The report’s authors acknowledged that solutions are not straightforward, and will involve different actions across all types of use of wild species. For example, more sustainable use in the fishing industry would come about by reducing IUU (illegal, unreported and unregulated) fishing, suppressing harmful financial subsidies and supporting small-scale fisheries. In the timber industry, technological innovations could reduce waste in manufacturing wood products.

Indigenous empowerment

The report stresses the importance of empowering indigenous peoples and local communities and respecting their rights, access to protected areas and customs when developing policies to promote sustainable use of species.

Practices in the use of wild species vary across indigenous and local cultures but share common values such as respect for nature, avoiding waste, managing harvests and ensuring the benefits from wild species are distributed fairly, the report states.

These values result in use that is sustainable. For example, deforestation is generally lower in indigenous territories, particularly where there is security of land tenure, continuity of knowledge and languages, and alternative livelihoods, according to report co-chair Dr Marla Emery.

Emery said scientists and indigenous people should learn from each other about the sustainable use of wild species. This would reduce the likelihood of cultural contexts being overlooked in international agreements, as is often the case.

The report advocates policies to secure rights of tenure and access to land, fisheries and forests for indigenous people and local communities. It also calls for poverty alleviation to create the right conditions for sustainable wild species usage.

Context is everything

The authors stress that solutions need to be specific and localised. For example, preventing the use of a wild plant or animal could result in increased cultivation, and therefore habitat destruction. 

There is much confusion in international debates on biodiversity over what can be called sustainable use in different contexts, according to Linda Krueger, director of biodiversity and infrastructure policy for The Nature Conservancy.

For example, the current draft text of the new global deal for biodiversity being negotiated through the Convention on Biological Diversity (CBD) has three different targets covering sustainable use, but discussions and proposed amendments have led to overlaps between them, she said.
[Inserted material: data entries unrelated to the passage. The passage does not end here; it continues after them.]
lemma orient_closed_segment: "z \<in> closed_segment a b \<Longrightarrow> orient a b z = 0"
  using closed_segment_subset[OF _ _ convex_orient_zero, of a a b b]
  by (auto simp: orient_def)

lemma closed_segment_orient_pos:
  assumes "0 < orient a b c" "0 < orient a b d" "z \<in> closed_segment c d"
  shows "0 < orient a b z"
  using closed_segment_subset[OF _ _ convex_orient_pos, of c a b d] assms by blast

lemma closed_segment_Int_strict_side:
  assumes "0 < orient a b c * orient a b d"
  shows "closed_segment a b \<inter> closed_segment c d = {}"
proof -
  have disjoint: "closed_segment a b \<inter> closed_segment c d = {}"
    if "0 < orient a b c" "0 < orient a b d" for a b
    using closed_segment_orient_pos[OF that] orient_closed_segment[of _ a b]
    by (metis disjoint_iff less_irrefl)
  from assms consider "0 < orient a b c" "0 < orient a b d" | "0 < orient b a c" "0 < orient b a d"
    by (auto simp: zero_less_mult_iff orient_swap[of a b])
  then show ?thesis
  proof cases
    case 2
    then show ?thesis using disjoint[of b a] by (simp add: closed_segment_commute[of b a])
  qed (rule disjoint)
qed

lemma closed_segment_Int_common_endpoint:
  assumes "orient a b d \<noteq> 0"
  shows "closed_segment a b \<inter> closed_segment a d = {a}"
proof (intro equalityI subsetI)
  fix x assume x: "x \<in> closed_segment a b \<inter> closed_segment a d"
  then obtain t where t: "x = a + t *\<^sub>R (d - a)"
    unfolding closed_segment_def by (auto simp: algebra_simps)
  have "orient a b x = 0"
    using orient_closed_segment x by blast
  then have "t * orient a b d = 0"
    by (simp add: t orient_along)
  then show "x \<in> {a}" using assms t by simp
qed simp

section \<open>Straight-line drawings\<close>

definition point :: "int \<times> int \<Rightarrow> complex" where
  "point P = Complex (of_int (fst P)) (of_int (snd P))"

definition orient_int :: "int \<times> int \<Rightarrow> int \<times> int \<Rightarrow> int \<times> int \<Rightarrow> int" where
  "orient_int P Q R = (fst Q - fst P) * (snd R - snd P) - (snd Q - snd P) * (fst R - fst P)"

lemma orient_point: "orient (point P) (point Q) (point R) = of_int (orient_int P Q R)"
  unfolding orient_def point_def orient_int_def by simp

lemma inj_point: "inj point"
  by (rule injI) (simp add: point_def complex_eq_iff prod_eq_iff)

type_synonym int_segment = "(int \<times> int) \<times> (int \<times> int)"

definition seg_points :: "int_segment \<Rightarrow> complex set" where
  "seg_points x = closed_segment (point (fst x)) (point (snd x))"
lemma eulerian_cycle_mset:
  assumes "m \<ge> 2" "inj_on vs {..<m}"
  shows "eulerian (cycle_mset vs m)"
  unfolding eulerian_def
proof (intro conjI allI ballI)
  fix p assume "p \<in># cycle_mset vs m"
  then obtain i where "i < m" "p = {vs i, vs (Suc i mod m)}"
    by (auto simp: cycle_mset_def set_mset_sum)
  then show "card p = 2" using cycle_neighbours_distinct[OF assms] by simp
next
  fix x
  let ?d = "\<lambda>i. if x = vs i then 1 else 0 :: nat"
  have "degree x (cycle_mset vs m) = (\<Sum>i<m. ?d i + ?d (Suc i mod m))"
    unfolding cycle_mset_def degree_sum
  proof (rule sum.cong)
    fix i assume "i \<in> {..<m}"
    then have "vs i \<noteq> vs (Suc i mod m)" using cycle_neighbours_distinct[OF assms] by simp
    then show "degree x {#{vs i, vs (Suc i mod m)}#} = ?d i + ?d (Suc i mod m)"
      by (simp add: degree_def)
  qed simp
  also have "\<dots> = 2 * (\<Sum>i<m. ?d i)"
    by (simp add: sum.distrib sum_lessThan_rotate[of ?d])
  finally show "even (degree x (cycle_mset vs m))" by simp
qed

lemma count_cycle_mset_closing_edge:
  assumes "n \<ge> 2" "inj_on vs {..<Suc n}"
  shows "count (cycle_mset vs (Suc n)) {vs n, vs 0} = 1"
proof -
  have "{vs i, vs (Suc i)} \<noteq> {vs n, vs 0}" if "i < n" for i
  proof
    assume "{vs i, vs (Suc i)} = {vs n, vs 0}"
    moreover have "vs i \<noteq> vs n" using inj_onD[OF assms(2), of i n] that by auto
    ultimately have "vs i = vs 0" "vs (Suc i) = vs n" by (auto simp: doubleton_eq_iff)
    then have "i = 0" "Suc i = n" using inj_onD[OF assms(2)] that by auto
    then show False using assms(1) by simp
  qed
  then show ?thesis
    by (simp add: cycle_mset_def count_sum sum.lessThan_Suc)
qed

lemma contract_cycle_mset:
  assumes "n \<ge> 2" "inj_on vs {..<Suc n}"
  shows "contract (vs n) (vs 0) (cycle_mset vs (Suc n)) = cycle_mset vs n"
proof -
  have vs_n: "vs i \<noteq> vs n" if "i < n" for i using inj_onD[OF assms(2), of i n] that by auto
  have edge: "contract (vs n) (vs 0) {#{vs i, vs (Suc i mod Suc n)}#} = {#{vs i, vs (Suc i mod n)}#}"
    if "i < n" for i
  proof -
    have "merge (vs n) (vs 0) ` {vs i, vs (Suc i mod Suc n)} = {vs i, vs (Suc i mod n)}"
      using vs_n[OF that] vs_n[of "Suc i"] that by (cases "Suc i = n") (auto simp: merge_def)
    moreover have "inj_on vs {..<n}" using assms(2) by (rule inj_on_subset) auto
    then have "card {vs i, vs (Suc i mod n)} = 2"
      using cycle_neighbours_distinct[of n vs i] assms(1) that by simp
    ultimately show ?thesis by (simp add: contract_def)
  qed
  have closing_edge: "contract (vs n) (vs 0) {#{vs n, vs 0}#} = {#}"
    by (simp add: contract_def merge_def)
  have "cycle_mset vs (Suc n) = (\<Sum>i<n. {#{vs i, vs (Suc i mod Suc n)}#}) + {#{vs n, vs 0}#}"
    by (simp add: cycle_mset_def sum.lessThan_Suc del: mod_Suc_eq)
  then have "contract (vs n) (vs 0) (cycle_mset vs (Suc n)) =
      (\<Sum>i<n. contract (vs n) (vs 0) {#{vs i, vs (Suc i mod Suc n)}#})"
    by (simp only: contract_plus contract_sum closing_edge add_0_right)
  also have "\<dots> = cycle_mset vs n"
    unfolding cycle_mset_def by (intro sum.cong refl edge) simp
  finally show ?thesis .
qed
text \<open>Edges on the path from v to the root, each edge identified with its lower endpoint.\<close>
definition path_edges :: "'v \<Rightarrow> ('v \<Rightarrow> 'v) \<Rightarrow> 'v \<Rightarrow> 'v set" where
  "path_edges r parent v = {u \<in> ancestors parent v. u \<noteq> r}"

definition leaves :: "'v set \<Rightarrow> 'v \<Rightarrow> ('v \<Rightarrow> 'v) \<Rightarrow> 'v set" where
  "leaves V r parent = {v \<in> V. \<not> (\<exists>u\<in>V. u \<noteq> r \<and> parent u = v)}"

definition depth :: "'v \<Rightarrow> ('v \<Rightarrow> 'v) \<Rightarrow> ('v \<Rightarrow> real) \<Rightarrow> 'v \<Rightarrow> real" where
  "depth r parent len v = (\<Sum>e\<in>path_edges r parent v. len e)"

definition tdist :: "'v \<Rightarrow> ('v \<Rightarrow> 'v) \<Rightarrow> ('v \<Rightarrow> real) \<Rightarrow> 'v \<Rightarrow> 'v \<Rightarrow> real" where
  "tdist r parent len u w =
     (\<Sum>e\<in>path_edges r parent u - path_edges r parent w. len e) +
     (\<Sum>e\<in>path_edges r parent w - path_edges r parent u. len e)"

definition ultrametric_tree :: "'v set \<Rightarrow> 'v \<Rightarrow> ('v \<Rightarrow> 'v) \<Rightarrow> ('v \<Rightarrow> real) \<Rightarrow> real \<Rightarrow> bool" where
  "ultrametric_tree V r parent len R \<longleftrightarrow> rooted_tree V r parent \<and>
     (\<forall>v\<in>V. v \<noteq> r \<longrightarrow> len v \<ge> 0) \<and>
     (\<forall>l\<in>leaves V r parent. depth r parent len l = R)"

definition leaf_positive :: "'v set \<Rightarrow> 'v \<Rightarrow> ('v \<Rightarrow> 'v) \<Rightarrow> ('v \<Rightarrow> real) \<Rightarrow> bool" where
  "leaf_positive V r parent len \<longleftrightarrow> (\<forall>l\<in>leaves V r parent. l \<noteq> r \<longrightarrow> len l > 0)"

definition height :: "'v set \<Rightarrow> 'v \<Rightarrow> ('v \<Rightarrow> 'v) \<Rightarrow> ('v \<Rightarrow> real) \<Rightarrow> 'v \<Rightarrow> real" where
  "height V r parent len v = Max {tdist r parent len v u | u. u \<in> V \<and> v \<in> ancestors parent u}"

definition lca :: "('v \<Rightarrow> 'v) \<Rightarrow> 'v \<Rightarrow> 'v \<Rightarrow> 'v" where
  "lca parent i j = (THE u. u \<in> ancestors parent i \<inter> ancestors parent j \<and>
      (\<forall>w \<in> ancestors parent i \<inter> ancestors parent j. w \<in> ancestors parent u))"

definition star_metric :: "'v set \<Rightarrow> 'v \<Rightarrow> ('v \<Rightarrow> 'v) \<Rightarrow> ('v \<Rightarrow> real) \<Rightarrow> bool" where
  "star_metric V r parent len \<longleftrightarrow>
     (\<forall>i\<in>leaves V r parent. \<forall>j\<in>leaves V r parent. i \<noteq> j \<longrightarrow>
        height V r parent len (lca parent i j) \<in> {0, 1})"

definition psd_on :: "'i set \<Rightarrow> ('i \<Rightarrow> 'i \<Rightarrow> real) \<Rightarrow> bool" where
  "psd_on I A \<longleftrightarrow> (\<forall>x :: 'i \<Rightarrow> real. (\<Sum>i\<in>I. \<Sum>j\<in>I. x i * A i j * x j) \<ge> 0)"

definition cT :: "'v set \<Rightarrow> 'v \<Rightarrow> ('v \<Rightarrow> 'v) \<Rightarrow> ('v \<Rightarrow> real) \<Rightarrow> real" where
  "cT V r parent len = Inf {c. c \<ge> 0 \<and>
      psd_on (leaves V r parent) (\<lambda>i j. c - tdist r parent len i j / 2)}"

end

theory Submission
  imports Defs "HOL-Analysis.Convex"
begin

text \<open>
  For leaves i and j let A i j be the length of the common part of their root paths, so that
  d(i,j) = 2 - 2 A i j. Summing over edges e, with X e the sum of x i over the leaves below e,
  the quadratic form of c 1 - D/2 becomes (c - 1) (\<Sum>i. x i)^2 + \<Sum>e. len e (X e)^2.
  Since \<Sum>i. x i = \<Sum>e. len e X e, Cauchy-Schwarz makes it nonnegative once c \<ge> 1 - 1/L,
  where L is the total edge length. Counting edges with multiplicity shows L \<le> n, with equality
  iff no edge of positive length lies above two leaves, i.e. iff T is a star-metric; in that case
  the all-ones vector shows that no c < 1 - 1/n works, while otherwise c_T \<le> 1 - 1/L < 1 - 1/n.
\<close>

lemma weighted_Cauchy_Schwarz_sum:
  fixes w X :: "'e \<Rightarrow> real"
  assumes "\<And>e. e \<in> E \<Longrightarrow> 0 \<le> w e"
  shows "(\<Sum>e\<in>E. w e * X e)\<^sup>2 \<le> (\<Sum>e\<in>E. w e) * (\<Sum>e\<in>E. w e * (X e)\<^sup>2)"
proof -
  have "(\<Sum>e\<in>E. w e * X e) = (\<Sum>e\<in>E. sqrt (w e) * (sqrt (w e) * X e))"
    "(\<Sum>e\<in>E. w e) = (\<Sum>e\<in>E. (sqrt (w e))\<^sup>2)"
    "(\<Sum>e\<in>E. w e * (X e)\<^sup>2) = (\<Sum>e\<in>E. (sqrt (w e) * X e)\<^sup>2)"
    using assms by (auto intro!: sum.cong simp: power_mult_distrib simp flip: power2_eq_square)
  then show ?thesis using Cauchy_Schwarz_ineq_sum by metis
qed

lemma psd_on_cong:
  "(\<And>i j. i \<in> I \<Longrightarrow> j \<in> I \<Longrightarrow> A i j = B i j) \<Longrightarrow> psd_on I A \<longleftrightarrow> psd_on I B"
  unfolding psd_on_def by (simp cong: sum.cong)

lemma psd_on_imp_sum_nonneg: "psd_on I A \<Longrightarrow> 0 \<le> (\<Sum>i\<in>I. \<Sum>j\<in>I. A i j)"
  unfolding psd_on_def by (drule spec[of _ "\<lambda>_. 1"]) simp

locale set_family =
  fixes I :: "'i set" and P :: "'i \<Rightarrow> 'e set"
  assumes finite_I: "finite I" and finite_P: "\<And>i. i \<in> I \<Longrightarrow> finite (P i)"
begin

lemma finite_Union_P: "finite (\<Union>(P ` I))"
  using finite_I finite_P by blast

lemma card_containing_ge_1:
  assumes "e \<in> \<Union>(P ` I)"
  shows "1 \<le> card {i\<in>I. e \<in> P i}"
proof -
  have "{i\<in>I. e \<in> P i} \<noteq> {}" using assms by blast
  then have "0 < card {i\<in>I. e \<in> P i}" using finite_I by (simp add: card_gt_0_iff)
  then show ?thesis by simp
qed

lemma sum_weight_swap:
  fixes x :: "'i \<Rightarrow> real" and w :: "'e \<Rightarrow> real"
  shows "(\<Sum>i\<in>I. x i * (\<Sum>e\<in>P i. w e)) = (\<Sum>e\<in>\<Union>(P ` I). w e * (\<Sum>i\<in>{i\<in>I. e \<in> P i}. x i))"
proof -
  have "(\<Sum>i\<in>I. x i * (\<Sum>e\<in>P i. w e)) = (\<Sum>i\<in>I. \<Sum>e\<in>{e. e \<in> \<Union>(P ` I) \<and> e \<in> P i}. x i * w e)"
  proof (rule sum.cong)
    fix i assume "i \<in> I"
    then have "{e. e \<in> \<Union>(P ` I) \<and> e \<in> P i} = P i" by blast
    then show "x i * (\<Sum>e\<in>P i. w e) = (\<Sum>e\<in>{e. e \<in> \<Union>(P ` I) \<and> e \<in> P i}. x i * w e)"
      by (simp add: sum_distrib_left)
  qed simp
  also have "\<dots> = (\<Sum>e\<in>\<Union>(P ` I). \<Sum>i\<in>{i. i \<in> I \<and> e \<in> P i}. x i * w e)"
    using sum.swap_restrict[OF finite_I finite_Union_P] .
  finally show ?thesis by (simp add: sum_distrib_left mult.commute)
qed
lemma exit_term_le:
  fixes s d w T d0 C1 C2 :: real
  assumes s: "0 < s" "s < 1" and d: "0 < d" and w: "0 < w" and Tw: "T * w = d"
    and C: "0 < C1" "0 < C2" and d0: "d / C1 \<le> d0"
  shows "2 * (C2 * w) powr (1 + s) * T powr (1 - s) / d0 \<le> 2 * C1 * (max 1 C2)^2 * (w powr (2 * s) * d powr (- s))"
proof -
  have d0_pos: "0 < d0" using d C d0 by (smt (verit) divide_pos_pos)
  have T: "T = d / w" using Tw w by (simp add: field_simps)
  have e1: "(C2 * w) powr (1 + s) = C2 powr (1 + s) * w powr (1 + s)" using C w by (simp add: powr_mult)
  have e2: "T powr (1 - s) = d powr (1 - s) * w powr (s - 1)"
    using d w by (simp add: T powr_divide powr_diff)
  have e3: "w powr (1 + s) * w powr (s - 1) = w powr (2 * s)" by (simp add: powr_add[symmetric])
  have e4: "d powr (1 - s) / d = d powr (- s)" using d by (simp add: powr_diff powr_minus_divide)
  have i1: "1 / d0 \<le> C1 / d" using d0 d0_pos d C by (simp add: field_simps)
  have i2: "C2 powr (1 + s) \<le> (max 1 C2)^2" using C s by (intro powr_le_max_one_squared) auto
  have "2 * (C2 * w) powr (1 + s) * T powr (1 - s) / d0
      = 2 * C2 powr (1 + s) * (w powr (1 + s) * w powr (s - 1)) * d powr (1 - s) * (1 / d0)"
    by (simp add: e1 e2 mult_ac)
  also have "\<dots> \<le> 2 * (max 1 C2)^2 * (w powr (1 + s) * w powr (s - 1)) * d powr (1 - s) * (C1 / d)"
    using i1 i2 d0_pos by (intro mult_mono mult_right_mono) auto
  also have "\<dots> = 2 * C1 * (max 1 C2)^2 * (w powr (2 * s) * (d powr (1 - s) / d))"
    by (subst e3) (simp add: field_simps)
  finally show ?thesis by (simp add: e4)
qed

lemma far_term_le:
  fixes s s0 d w T c \<iota> C2 :: real
  assumes s: "0 < s0" "s0 \<le> s" "s < 1" and d: "0 < d" and w: "0 < w" and Tw: "T * w = d"
    and C: "0 < C2" and c: "0 < c" "c \<le> 1" and io: "0 < \<iota>" "\<iota> \<le> 1/2"
  shows "(3 * C2) powr s * w powr s * (c * T) powr (- s) / (s * (1 - \<iota>))
    \<le> max 1 (3 * C2) * (1 / c) * (2 / s0) * (w powr (2 * s) * d powr (- s))"
proof -
  have T: "T = d / w" using Tw w by (simp add: field_simps)
  have e1: "(c * T) powr (- s) = c powr (- s) * d powr (- s) * w powr s"
    using c d w by (simp add: T powr_mult powr_divide powr_minus_divide)
  have e2: "w powr s * w powr s = w powr (2 * s)" by (simp add: powr_add[symmetric])
  have i1: "(3 * C2) powr s \<le> max 1 (3 * C2)" using C s by (intro powr_le_max_one) auto
  have "c powr 1 \<le> c powr s" using c s by (intro powr_mono') auto
  then have i2: "c powr (- s) \<le> 1 / c" using c by (simp add: powr_minus_divide divide_left_mono)
  have "s0 / 2 \<le> s * (1 - \<iota>)" using s io mult_left_mono[of "1/2" "1 - \<iota>" s] by linarith
  then have i3: "1 / (s * (1 - \<iota>)) \<le> 2 / s0" using s io by (simp add: frac_le field_simps)
  have "(3 * C2) powr s * w powr s * (c * T) powr (- s) / (s * (1 - \<iota>))
      = (3 * C2) powr s * c powr (- s) * (1 / (s * (1 - \<iota>))) * ((w powr s * w powr s) * d powr (- s))"
    by (subst e1) (simp add: mult_ac)
  also have "\<dots> \<le> max 1 (3 * C2) * (1 / c) * (2 / s0) * ((w powr s * w powr s) * d powr (- s))"
    using i1 i2 i3 s io c by (intro mult_mono mult_right_mono) auto
  finally show ?thesis by (simp add: e2)
qed

definition estimate_constant :: "real \<Rightarrow> real \<Rightarrow> real \<Rightarrow> real \<Rightarrow> real \<Rightarrow> real" where
  "estimate_constant s0 a c C1 C2 =
     C2 * max 1 C1 * (26 / s0) * (4 / a^2 + 1) + 2 * (2 * C1 * (max 1 C2)^2 + max 1 (3 * C2) * (1 / c) * (2 / s0))"

lemma estimate_constant_pos:
  "0 < s0 \<Longrightarrow> 0 < a \<Longrightarrow> 0 < c \<Longrightarrow> 0 < C1 \<Longrightarrow> 0 < C2 \<Longrightarrow> 0 < estimate_constant s0 a c C1 C2"
  unfolding estimate_constant_def by (intro add_pos_nonneg mult_pos_pos) (auto simp: add_pos_pos)

text \<open>All three region bounds are multiples of \<open>w d\<^sup>-\<^sup>s G\<^sub>s(w)\<close>, the last two because
  \<open>w\<^sup>2\<^sup>s \<le> 2 w G\<^sub>s(w)\<close>.\<close>

lemma three_terms_le:
  fixes s s0 a d w T d0 c \<iota> C1 C2 :: real
  assumes s: "0 < s0" "s0 \<le> s" "s < 1" and a: "0 < a" "a < 1/4" and d: "0 < d"
    and w: "0 < w" "w \<le> 1/4" and Tw: "T * w = d" and C: "0 < C1" "0 < C2" and d0: "d / C1 \<le> d0"
    and c: "0 < c" "c \<le> 1" and io: "0 < \<iota>" "\<iota> \<le> 1/6"
  shows "C2 * w * d0 powr (s - 1) * (26 / s) * kernel_integral s (a * d) T
     + 2 * (C2 * w) powr (1 + s) * T powr (1 - s) / d0
     + (3 * C2) powr s * w powr s * (c * T) powr (- s) / (s * (1 - \<iota>))
   \<le> estimate_constant s0 a c C1 C2 * (w / d powr s) * Gs s w"
proof -
  have s_pos: "0 < s" using s by simp
  have W: "w powr (2 * s) * d powr (- s) \<le> 2 * (w * d powr (- s) * Gs s w)"
    using mult_right_mono[OF Gs_lower_bounds(2)[OF s_pos s(3) w], of "d powr (- s)"]
    by (simp add: mult_ac)
  have k2: "0 \<le> 2 * C1 * (max 1 C2)^2" using C by simp
  have k3: "0 \<le> max 1 (3 * C2) * (1 / c) * (2 / s0)" using c s by simp
  have "C2 * w * d0 powr (s - 1) * (26 / s) * kernel_integral s (a * d) T
     + 2 * (C2 * w) powr (1 + s) * T powr (1 - s) / d0
     + (3 * C2) powr s * w powr s * (c * T) powr (- s) / (s * (1 - \<iota>))
     \<le> C2 * max 1 C1 * (26 / s0) * (4 / a^2 + 1) * (w * d powr (- s) * Gs s w)
       + 2 * C1 * (max 1 C2)^2 * (2 * (w * d powr (- s) * Gs s w))
       + max 1 (3 * C2) * (1 / c) * (2 / s0) * (2 * (w * d powr (- s) * Gs s w))"
    using near_term_le[OF s a d w Tw C d0] exit_term_le[OF s_pos s(3) d w(1) Tw C d0]
      far_term_le[OF s d w(1) Tw C(2) c io(1)] io mult_left_mono[OF W k2] mult_left_mono[OF W k3]
    by linarith
  also have "\<dots> = estimate_constant s0 a c C1 C2 * (w * d powr (- s)) * Gs s w"
    by (simp add: estimate_constant_def algebra_simps)
  finally show ?thesis using d by (simp add: powr_minus_divide)
qed

section \<open>The modulus of continuity\<close>

lemma exists_scale_with_small_modulus:
  fixes \<omega> :: "real \<Rightarrow> real"
  assumes "continuous_on {0..} \<omega>" "strict_mono_on {0..} \<omega>" "\<omega> 0 = 0" "0 < t0"
  obtains \<tau> where "0 < \<tau>" "\<tau> < t0" "0 < \<omega> \<tau>" "\<omega> \<tau> \<le> 1/4"
proof -
  obtain \<delta> where \<delta>: "0 < \<delta>" "\<And>t. t \<in> {0..} \<Longrightarrow> dist t 0 < \<delta> \<Longrightarrow> dist (\<omega> t) (\<omega> 0) < 1/4"
    using assms(1) unfolding continuous_on_iff by (metis atLeast_iff order_refl zero_less_divide_1_iff zero_less_numeral)
  define \<tau> where "\<tau> = min (\<delta>/2) (t0/2)"
  have \<tau>: "0 < \<tau>" "\<tau> < t0" "\<tau> < \<delta>" using \<delta>(1) assms(4) by (auto simp: \<tau>_def)
  then have "\<bar>\<omega> \<tau>\<bar> < 1/4" using \<delta>(2)[of \<tau>] assms(3) by (simp add: dist_real_def)
  moreover have "0 < \<omega> \<tau>" using strict_mono_onD[OF assms(2), of 0 \<tau>] \<tau> assms(3) by simp
  ultimately show ?thesis using that \<tau> by simp
qed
“One of the things the IPBES report makes really clear is that social and cultural and economic context is everything – what makes sense in one socio-economic, cultural environment doesn’t in another. Policy measures are very dependent on this local context. The report highlights the challenges for the CBD in coming up with globally applicable targets,” she said.

However, Krueger is optimistic that the report will influence the talks. A key takeaway is that 70 per cent of the world’s poor are directly dependent on wild species, and these people will be hurt the most by biodiversity decline, she noted.

In this way, the report directly ties conservation to the goals of poverty alleviation and food security, she said. “This is an important argument to make: saving biodiversity is not a colonialist enterprise; it is hopefully going to help the people who most rely on these resources in the long term.”